Airflow considers the field names present in template_fields
for templating while rendering
the operator.
class HelloOperator(BaseOperator):
template_fields: Sequence[str] = ("name",)
def __init__(self, name: str, **kwargs) -> None:
super().__init__(**kwargs)
self.name = name
def execute(self, context):
message = f"Hello from {self.name}"
print(message)
return message
You can use the template as follows:
with dag:
hello_task = HelloOperator(
task_id="task_id_1", dag=dag, name="{{ task_instance.task_id }}"
)
In this example, Jinja looks for the name
parameter and substitutes {{ task_instance.task_id }}
with
task_id_1
.
The parameter can also contain a file name, for example, a bash script or a SQL file. You need to add
the extension of your file in template_ext
. If a template_field
contains a string ending with
the extension mentioned in template_ext
, Jinja reads the content of the file and replace the templates
with actual value. Note that Jinja substitutes the operator attributes and not the args.
class HelloOperator(BaseOperator):
template_fields: Sequence[str] = ("guest_name",)
template_ext = ".sql"
def __init__(self, name: str, **kwargs) -> None:
super().__init__(**kwargs)
self.guest_name = name
In the example, the template_fields
should be ['guest_name']
and not ['name']
Additionally you may provide template_fields_renderers
a dictionary which defines in what style the value
from template field renders in Web UI. For example:
class MyRequestOperator(BaseOperator):
template_fields: Sequence[str] = ("request_body",)
template_fields_renderers = {"request_body": "json"}
def __init__(self, request_body: str, **kwargs) -> None:
super().__init__(**kwargs)
self.request_body = request_body
In the situation where template_field
is itself a dictionary, it is also possible to specify a
dot-separated key path to extract and render individual elements appropriately. For example:
class MyConfigOperator(BaseOperator):
template_fields: Sequence[str] = ("configuration",)
template_fields_renderers = {
"configuration": "json",
"configuration.query.sql": "sql",
}
def __init__(self, configuration: dict, **kwargs) -> None:
super().__init__(**kwargs)
self.configuration = configuration
Then using this template as follows:
with dag:
config_task = MyConfigOperator(
task_id="task_id_1",
configuration={"query": {"job_id": "123", "sql": "select * from my_table"}},
dag=dag,
)
This will result in the UI rendering configuration
as json in addition to the value contained in the
configuration at query.sql
to be rendered with the SQL lexer.
Currently available lexers:
bash
bash_command
doc
doc_json
doc_md
doc_rst
doc_yaml
doc_md
hql
html
jinja
json
md
mysql
postgresql
powershell
py
python_callable
rst
sql
tsql
yaml
If you use a non-existing lexer then the value of the template field will be rendered as a pretty-printed object.
Define an operator extra link¶
For your operator, you can Define an extra link that can redirect users to external systems.
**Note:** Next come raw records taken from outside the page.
(* Let $\mathsf{G}$ be a connected undirected graph on $N=\{1,\dots,n\}$ with edge set $E$ and symmetric positive edge weights $w_{ij}=w_{ji}>0$ for $\{i,j\}\in E$, and let $\mathbf{L}$ be its Laplacian, so that the symmetric irreducible consensus system reads $\dot x_i=\sum_{j:\{i,j\}\in E}w_{ij}(x_j-x_i)$, i.e. $\dot{\bm{x}}=-\mathbf{L}\bm{x}$. Fix $\alpha>0$ and let $M(\alpha)=\{\bm{x}\in\mathbb{R}^n_{>0}:\ \frac1n\sum_{i=1}^n x_i=\alpha\}$. For $\bm{x}\in M(\alpha)$ set $\bm{\rho}=\bm{x}/\alpha$. Let $H:\mathbb{R}_{>0}\to\mathbb{R}$ be a strictly convex $C^2$ function with $H''>0$, write $h=H'$, and let $$V(\bm{x})=\alpha\sum_{i=1}^n H(\rho_i)=\alpha\sum_{i=1}^n H(x_i/\alpha).$$ For $a,b>0$ define $K_h(a,b)=\dfrac{a-b}{h(a)-h(b)}$ if $a\neq b$ and $K_h(a,a)=1/H''(a)$. Define the $n\times n$ matrix $\mathbf{G}^{-1}(\bm{x})$ by $[\mathbf{G}^{-1}(\bm{x})]_{ij}=-\alpha\,w_{ij}K_h(\rho_i,\rho_j)$ for $\{i,j\}\in E$, $[\mathbf{G}^{-1}(\bm{x})]_{ij}=0$ for $i\ne j$ with $\{i,j\}\notin E$, and $[\mathbf{G}^{-1}(\bm{x})]_{ii}=\sum_{j:\{i,j\}\in E}\alpha\,w_{ij}K_h(\rho_i,\rho_j)$. Then for every $\bm{x}\in M(\alpha)$, $\mathbf{G}^{-1}(\bm{x})$ is a symmetric positive semidefinite matrix with kernel $\{c\bm{1}:c\in\mathbb{R}\}$, its entries depend continuously on $\bm{x}$, and $$-\mathbf{L}\bm{x}=-\mathbf{G}^{-1}(\bm{x})\,\nabla V(\bm{x}).$$ That is, the consensus dynamics on $M(\alpha)$ is a gradient descent flow of $V$ with respect to the (Riemannian) structure defined by $\mathbf{G}^{-1}(\cdot)$.
   Context: The Laplacian of the weighted undirected graph is $\mathbf{L}=[l_{ij}]$ with $l_{ij}=-w_{ij}$ for $\{i,j\}\in E$, $l_{ij}=0$ for other $i\ne j$, and $l_{ii}=\sum_{j:\{i,j\}\in E}w_{ij}$. The consensus value of $\bm{x}(0)\in M(\alpha)$ is $\alpha$, and $M(\alpha)$ is invariant under the dynamics. The gradient $\nabla V$ is the Euclidean gradient with respect to $\bm{x}$, so $\partial V/\partial x_i=H'(\rho_i)$. *)

theory Defs
  imports "HOL-Analysis.Analysis"
begin

definition strictly_convex_on :: "real set \<Rightarrow> (real \<Rightarrow> real) \<Rightarrow> bool" where
  "strictly_convex_on S f \<longleftrightarrow>
     (\<forall>x\<in>S. \<forall>y\<in>S. \<forall>t. x \<noteq> y \<and> 0 < t \<and> t < 1 \<longrightarrow>
        f ((1 - t) * x + t * y) < (1 - t) * f x + t * f y)"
For example, you can add a link that redirects the user to the operator's manual.
Sensors¶
Airflow provides a primitive for a special kind of operator, whose purpose is to poll some state (e.g. presence of a file) on a regular interval until a success criteria is met.
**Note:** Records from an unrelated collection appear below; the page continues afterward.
theorem corollary4:
  fixes r :: nat and a n :: "nat \<Rightarrow> nat"
  assumes "r \<ge> 2"
    and "\<forall>j\<in>{1..r}. a j \<ge> 1"
    and "\<forall>j\<in>{1..r}. n j \<ge> 1"
  shows "(\<forall>k :: nat \<Rightarrow> nat. (\<forall>j\<in>{1..<r}. k j \<le> n j) \<longrightarrow>
            measure_pmf.prob (urn_final r a n) {c. \<forall>j\<in>{1..<r}. c j = a j * k j}
            = (\<Sum>l\<in>PiE {1..<r} (\<lambda>j. {k j..n j}).
                 (\<Prod>j\<in>{1..<r}. real (n j choose l j) * real (l j choose k j)
                                  * (-1) ^ (l j - k j))
                 / ((real (n r) + (\<Sum>f\<in>{1..<r}. real (a f) * real (l f) / real (a r)))
                      gchoose n r)))
       \<and> (\<forall>s :: nat \<Rightarrow> nat.
            measure_pmf.expectation (urn_final r a n)
              (\<lambda>c. \<Prod>j\<in>{1..<r}. falling_fact (real (c j) / real (a j)) (s j))
            = (\<Prod>j\<in>{1..<r}. falling_fact (real (n j)) (s j))
              / ((real (n r) + (\<Sum>f\<in>{1..<r}. real (a f) * real (s f) / real (a r)))
                   gchoose n r))"
proof -
  have r: "r \<ge> 1" using assms(1) by simp
  show ?thesis
    using prob_urn_final[OF r assms(2)] expectation_urn_final[OF r assms(2)]
    unfolding scaled_falling_product_def[abs_def] urn_harmonic_def by simp
qed

end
You can create any sensor your want by extending the airflow.sensors.base.BaseSensorOperator
defining a poke
method to poll your external state and evaluate the success criteria.
Sensors have a powerful feature called 'reschedule'
mode which allows the sensor to
task to be rescheduled, rather than blocking a worker slot between pokes.
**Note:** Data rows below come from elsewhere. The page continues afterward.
(* Let $\mathbf{P}=\{p_n(x)\}_{n\ge0}$ be a sequence of complex polynomials with $\deg p_n=n$, $p_0=1$, and $p_n(0)=0$ for all $n\ge1$. Then for $n\ge1$ and $1\le k\le n$, $$S_2(n,k;\mathbf{P})=\frac{1}{k!}\sum_{j=1}^{k}\binom{n-j}{k-j}A_{n,j-1}(\mathbf{P}).$$
   Context: $S_2(n,k;\mathbf{P})$ is defined by $p_n(x)=\sum_{k=0}^{n}S_2(n,k;\mathbf{P})(x)_k$, with $(x)_0=1$, $(x)_k=x(x-1)\cdots(x-k+1)$. The Eulerian numbers $A_{n,k}(\mathbf{P})$ ($0\le k\le n$) are the unique coefficients with $p_n(x)=\sum_{k=0}^{n}A_{n,k}(\mathbf{P})\binom{x+n-k-1}{n}$, where $\binom{y}{n}=y(y-1)\cdots(y-n+1)/n!$. *)

theory Defs
  imports "HOL-Computational_Algebra.Polynomial"
begin

definition falling_poly :: "nat \<Rightarrow> complex poly" where
  "falling_poly k = (\<Prod>i<k. [:- of_nat i, 1:])"

text \<open>The binomial polynomial binom(x+n-k-1, n) = (x+n-k-1)(x+n-k-2)...(x-k)/n!.\<close>
definition binom_poly :: "nat \<Rightarrow> nat \<Rightarrow> complex poly" where
  "binom_poly n k = smult (1 / fact n)
     (\<Prod>i<n. [: of_int (int n - int k - 1 - int i), 1 :])"

definition S2 :: "(nat \<Rightarrow> complex poly) \<Rightarrow> nat \<Rightarrow> nat \<Rightarrow> complex" where
  "S2 P n = (THE c. (\<forall>k>n. c k = 0) \<and>
                    P n = (\<Sum>k\<le>n. smult (c k) (falling_poly k)))"

definition eulerA :: "(nat \<Rightarrow> complex poly) \<Rightarrow> nat \<Rightarrow> nat \<Rightarrow> complex" where
  "eulerA P n = (THE c. (\<forall>k>n. c k = 0) \<and>
                    P n = (\<Sum>k\<le>n. smult (c k) (binom_poly n k)))"

end

theory Submission
  imports Defs "HOL-Computational_Algebra.Formal_Power_Series"
begin

text \<open>Every polynomial of degree at most n is a combination of the binomials
  binom(x + n - k - 1, n), k = 0, ..., n: peel off the top coefficient and use Pascal's rule.
  The coefficients A_{n,k} are unique because evaluation at x = 1, ..., n + 1 gives a triangular
  system, and p_n(0) = 0 forces A_{n,n} = 0. Expanding each remaining binomial by Vandermonde's
  convolution binom(x + n - j - 1, n) = sum_k binom(n - j - 1, n - k) binom(x, k), with
  (x)_k = k! binom(x, k), and comparing coefficients in the falling factorial basis gives the
  formula after the symmetry binom(n - j - 1, n - k) = binom(n - j - 1, k - j - 1).\<close>

definition binomial_shift_poly :: "nat \<Rightarrow> 'a::field_char_0 \<Rightarrow> 'a poly" where
  "binomial_shift_poly m a = smult (1 / fact m) (\<Prod>i<m. [:a - of_nat i, 1:])"

lemma poly_binomial_shift_poly: "poly (binomial_shift_poly m a) x = (x + a) gchoose m"
  unfolding binomial_shift_poly_def
  by (simp add: poly_prod gbinomial_prod_rev lessThan_atLeast0 algebra_simps)

lemma binomial_shift_poly_pascal:
  "binomial_shift_poly (Suc m) a - binomial_shift_poly (Suc m) (a - 1) = binomial_shift_poly m (a - 1)"
proof (rule poly_ext)
  fix x :: 'a
  show "poly (binomial_shift_poly (Suc m) a - binomial_shift_poly (Suc m) (a - 1)) x =
        poly (binomial_shift_poly m (a - 1)) x"
    using gbinomial_Suc_Suc[of "x + (a - 1)" m] by (simp add: poly_binomial_shift_poly algebra_simps)
qed

lemma degree_binomial_shift_poly: "degree (binomial_shift_poly m a) = m"
  unfolding binomial_shift_poly_def by (simp add: degree_prod_eq_sum_degree)

lemma lead_coeff_binomial_shift_poly: "coeff (binomial_shift_poly m a) m = 1 / fact m"
proof -
  have "lead_coeff (\<Prod>i<m. [:a - of_nat i, 1:]) = 1"
    by (simp add: lead_coeff_prod)
  then show ?thesis
    unfolding binomial_shift_poly_def by (simp add: degree_prod_eq_sum_degree)
qed

interpretation poly_module: module "smult :: 'a::comm_ring_1 \<Rightarrow> 'a poly \<Rightarrow> 'a poly"
  by unfold_locales (simp_all add: smult_add_right smult_add_left)

lemma (in module) span_image_imp_sum:
  assumes "finite A" and "x \<in> span (f ` A)"
  shows "\<exists>c. x = (\<Sum>j\<in>A. c j *s f j)"
  using assms(2)
proof (induction rule: span_induct_alt)
  case base
  show ?case by (rule exI[of _ "\<lambda>_. 0"]) simp
next
  case (step r y z)
  then obtain i c where i: "i \<in> A" "y = f i" and z: "z = (\<Sum>j\<in>A. c j *s f j)"
    by blast
  have "(\<Sum>j\<in>A. (if j = i then r else 0) *s f j) = (\<Sum>j\<in>A. if j = i then r *s f j else 0)"
    by (rule sum.cong) auto
  then have "r *s y + z = (\<Sum>j\<in>A. (c j + (if j = i then r else 0)) *s f j)"
    using i assms(1) by (simp add: z scale_left_distrib sum.distrib)
  then show ?case by (intro exI[of _ "\<lambda>j. c j + (if j = i then r else 0)"])
qed

text \<open>Pascal's rule exhibits binom(x + a - 1 - j, m) as the difference of two binomials of
  degree m + 1, so only the top coefficient has to be removed by hand.\<close>

lemma degree_le_in_span_binomial_shift_polys:
  "degree p \<le> m \<Longrightarrow> p \<in> poly_module.span ((\<lambda>j. binomial_shift_poly m (a - of_nat j)) ` {..m})"
proof (induction m arbitrary: p a)
  case 0
  then have "p = smult (coeff p 0) (binomial_shift_poly 0 (a - of_nat 0))"
    by (simp add: binomial_shift_poly_def degree_0_id)
  then show ?case
    by (metis poly_module.span_base poly_module.span_scale atMost_iff image_eqI order_refl)
next
  case (Suc m)
  let ?span = "poly_module.span ((\<lambda>j. binomial_shift_poly (Suc m) (a - of_nat j)) ` {..Suc m})"
  define r where "r = coeff p (Suc m) * fact (Suc m)"
  define q where "q = p - smult r (binomial_shift_poly (Suc m) a)"
  have "coeff q (Suc m) = 0"
    by (simp add: q_def r_def lead_coeff_binomial_shift_poly del: fact_Suc)
  moreover have "degree q \<le> Suc m"
    using Suc.prems unfolding q_def
    by (metis degree_binomial_shift_poly degree_diff_le degree_smult_le)
  ultimately have "degree q \<le> m"
    by (metis antisym_conv2 coeff_eq_0 degree_le less_Suc_eq_le linorder_not_le)
  then have q_span: "q \<in> poly_module.span ((\<lambda>j. binomial_shift_poly m (a - 1 - of_nat j)) ` {..m})"
    by (rule Suc.IH)
  have "binomial_shift_poly m (a - 1 - of_nat j) \<in> ?span" if "j \<le> m" for j
  proof -
    have "binomial_shift_poly m (a - 1 - of_nat j) =
      binomial_shift_poly (Suc m) (a - of_nat j) - binomial_shift_poly (Suc m) (a - of_nat (Suc j))"
      using binomial_shift_poly_pascal[of m "a - of_nat j"] by (simp add: algebra_simps)
    moreover have "binomial_shift_poly (Suc m) (a - of_nat i) \<in> ?span" if "i \<le> Suc m" for i
      using that by (intro poly_module.span_base) auto
    moreover have "j \<le> Suc m" "Suc j \<le> Suc m"
      using that by simp_all
    ultimately show ?thesis
      by (simp only: poly_module.span_diff)
  qed
  then have "poly_module.span ((\<lambda>j. binomial_shift_poly m (a - 1 - of_nat j)) ` {..m}) \<subseteq> ?span"
    by (intro poly_module.span_minimal) auto
  with q_span have "q \<in> ?span"
    by (rule rev_subsetD)
  moreover have "smult r (binomial_shift_poly (Suc m) a) \<in> ?span"
    by (rule poly_module.span_scale, rule poly_module.span_base) (auto intro: image_eqI[of _ _ 0])
  ultimately show ?case
    unfolding q_def by (metis diff_add_cancel poly_module.span_add)
qed

lemma binom_poly_eq_binomial_shift_poly:
  "binom_poly n k = binomial_shift_poly n (of_int (int n - 1) - of_nat k)"
  unfolding binom_poly_def binomial_shift_poly_def
  by (intro arg_cong[where f = "smult _"] prod.cong) simp_all

lemma binom_poly_expansion_exists:
  assumes "degree p \<le> n"
  shows "\<exists>c. p = (\<Sum>k\<le>n. smult (c k) (binom_poly n k))"
  using poly_module.span_image_imp_sum[OF _ degree_le_in_span_binomial_shift_polys[OF assms]]
  by (simp add: binom_poly_eq_binomial_shift_poly)

lemma sum_smult_eq_0_triangular:
  fixes b :: "nat \<Rightarrow> 'a::idom poly"
  assumes sum: "(\<Sum>k\<le>n. smult (c k) (b k)) = 0"
    and upper: "\<And>i k. i < k \<Longrightarrow> k \<le> n \<Longrightarrow> poly (b k) (x i) = 0"
    and diag: "\<And>i. i \<le> n \<Longrightarrow> poly (b i) (x i) \<noteq> 0"
  shows "i \<le> n \<Longrightarrow> c i = 0"
proof (induction i rule: less_induct)
  case (less i)
  have "0 = (\<Sum>k\<le>n. c k * poly (b k) (x i))"
    using arg_cong[OF sum, of "\<lambda>p. poly p (x i)"] by (simp add: poly_sum)
  also have "\<dots> = (\<Sum>k\<in>{i}. c k * poly (b k) (x i))"
  proof (rule sum.mono_neutral_right)
    show "\<forall>k\<in>{..n} - {i}. c k * poly (b k) (x i) = 0"
      using less upper by (auto simp: neq_iff)
  qed (use less in auto)
  finally show ?case
    using diag[OF less.prems] by simp
qed

lemma the_triangular_coefficients_eqI:
  fixes b :: "nat \<Rightarrow> 'a::idom poly"
  assumes upper: "\<And>i k. i < k \<Longrightarrow> k \<le> n \<Longrightarrow> poly (b k) (x i) = 0"
    and diag: "\<And>i. i \<le> n \<Longrightarrow> poly (b i) (x i) \<noteq> 0"
    and p: "p = (\<Sum>k\<le>n. smult (s k) (b k))" and s: "\<forall>k>n. s k = 0"
  shows "(THE c. (\<forall>k>n. c k = 0) \<and> p = (\<Sum>k\<le>n. smult (c k) (b k))) = s"
proof (rule the_equality)
  fix c assume c: "(\<forall>k>n. c k = 0) \<and> p = (\<Sum>k\<le>n. smult (c k) (b k))"
  have "(\<Sum>k\<le>n. smult (c k - s k) (b k)) = 0"
    using c p by (simp add: smult_diff_left sum_subtractf)
  then have "c k - s k = 0" if "k \<le> n" for k
    by (rule sum_smult_eq_0_triangular[where c = "\<lambda>k. c k - s k", OF _ upper diag that])
  with c s show "c = s"
    by (metis eq_iff_diff_eq_0 ext linorder_not_le)
qed (use p s in simp)

lemma poly_falling_poly: "poly (falling_poly k) x = fact k * (x gchoose k)"
  unfolding falling_poly_def gbinomial_mult_fact
  by (simp add: poly_prod lessThan_atLeast0)

lemma poly_binom_poly: "poly (binom_poly n k) x = (x + of_int (int n - int k - 1)) gchoose n"
  by (simp add: binom_poly_eq_binomial_shift_poly poly_binomial_shift_poly algebra_simps)

lemma poly_binom_poly_of_nat:
  assumes "k \<le> n"
  shows "poly (binom_poly n k) (of_nat (Suc i)) = of_nat ((n + i - k) choose n)"
proof -
  have "(of_nat (Suc i) :: complex) + of_int (int n - int k - 1) = of_nat (n + i - k)"
    using assms by (simp add: of_nat_diff)
  then show ?thesis by (simp add: poly_binom_poly binomial_gbinomial)
qed

lemma poly_binom_poly_0:
  assumes "k \<le> n"
  shows "poly (binom_poly n k) 0 = (if k = n then (-1) ^ n else 0)"
proof (cases "k = n")
  case True
  then show ?thesis
    using gbinomial_minus[of "1 :: complex" n] by (simp add: poly_binom_poly flip: binomial_gbinomial)
next
  case False
  then have "of_int (int n - int k - 1) = (of_nat (n - k - 1) :: complex)"
    using assms by (simp add: of_nat_diff)
  then have "poly (binom_poly n k) 0 = of_nat ((n - k - 1) choose n)"
    unfolding poly_binom_poly binomial_gbinomial by simp
  with False assms show ?thesis
    by (simp add: binomial_eq_0)
qed

lemma S2_eqI:
  assumes "P n = (\<Sum>k\<le>n. smult (s k) (falling_poly k))" and "\<forall>k>n. s k = 0"
  shows "S2 P n = s"
  unfolding S2_def
  by (rule the_triangular_coefficients_eqI[where x = of_nat, OF _ _ assms])
     (auto simp: poly_falling_poly binomial_gbinomial[symmetric] binomial_eq_0)

lemma eulerA_eqI:
  assumes "P n = (\<Sum>k\<le>n. smult (s k) (binom_poly n k))" and "\<forall>k>n. s k = 0"
  shows "eulerA P n = s"
  unfolding eulerA_def
  by (rule the_triangular_coefficients_eqI[where x = "\<lambda>i. of_nat (Suc i)", OF _ _ assms])
     (auto simp: poly_binom_poly_of_nat binomial_eq_0 simp del: of_nat_Suc)

lemma eulerA_expansion:
  assumes "degree (P n) \<le> n"
  shows "P n = (\<Sum>k\<le>n. smult (eulerA P n k) (binom_poly n k))" and "\<forall>k>n. eulerA P n k = 0"
proof -
  obtain c where c: "P n = (\<Sum>k\<le>n. smult (c k) (binom_poly n k))"
    using binom_poly_expansion_exists[OF assms] by blast
  define s where "s k = (if k \<le> n then c k else 0)" for k
  have "P n = (\<Sum>k\<le>n. smult (s k) (binom_poly n k))"
    unfolding c s_def by (rule sum.cong) simp_all
  moreover have "\<forall>k>n. s k = 0"
    by (simp add: s_def)
  ultimately show "P n = (\<Sum>k\<le>n. smult (eulerA P n k) (binom_poly n k))" "\<forall>k>n. eulerA P n k = 0"
    using eulerA_eqI by simp_all
qed

lemma eulerA_eq_0_if_ge:
  assumes "degree (P n) \<le> n" and "poly (P n) 0 = 0" and "n \<le> j"
  shows "eulerA P n j = 0"
proof (cases "j = n")
  case True
  have "0 = poly (P n) 0"
    using assms(2) by simp
  also have "\<dots> = (\<Sum>k\<le>n. eulerA P n k * (if k = n then (-1) ^ n else 0))"
    by (subst eulerA_expansion(1)[of P n, OF assms(1)]) (simp add: poly_sum poly_binom_poly_0)
  also have "\<dots> = eulerA P n n * (-1) ^ n"
    by (simp add: if_distrib[of "(*) _"] cong: if_cong)
  finally show ?thesis
    using True by simp
qed (use eulerA_expansion(2)[of P n, OF assms(1)] assms(3) in auto)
This is useful when you can tolerate a longer poll interval and expect to be
polling for a long time.
Reschedule mode comes with a caveat that your sensor cannot maintain internal state
between rescheduled executions. In this case you should decorate your sensor with
airflow.sensors.base.poke_mode_only()
. This will let users know
that your sensor is not suitable for use with reschedule mode.
An example of a sensor that keeps internal state and cannot be used with reschedule mode
is airflow.providers.google.cloud.sensors.gcs.GCSUploadSessionCompleteSensor
.
It polls the number of objects at a prefix (this number is the internal state of the sensor)
and succeeds when there a certain amount of time has passed without the number of objects changing.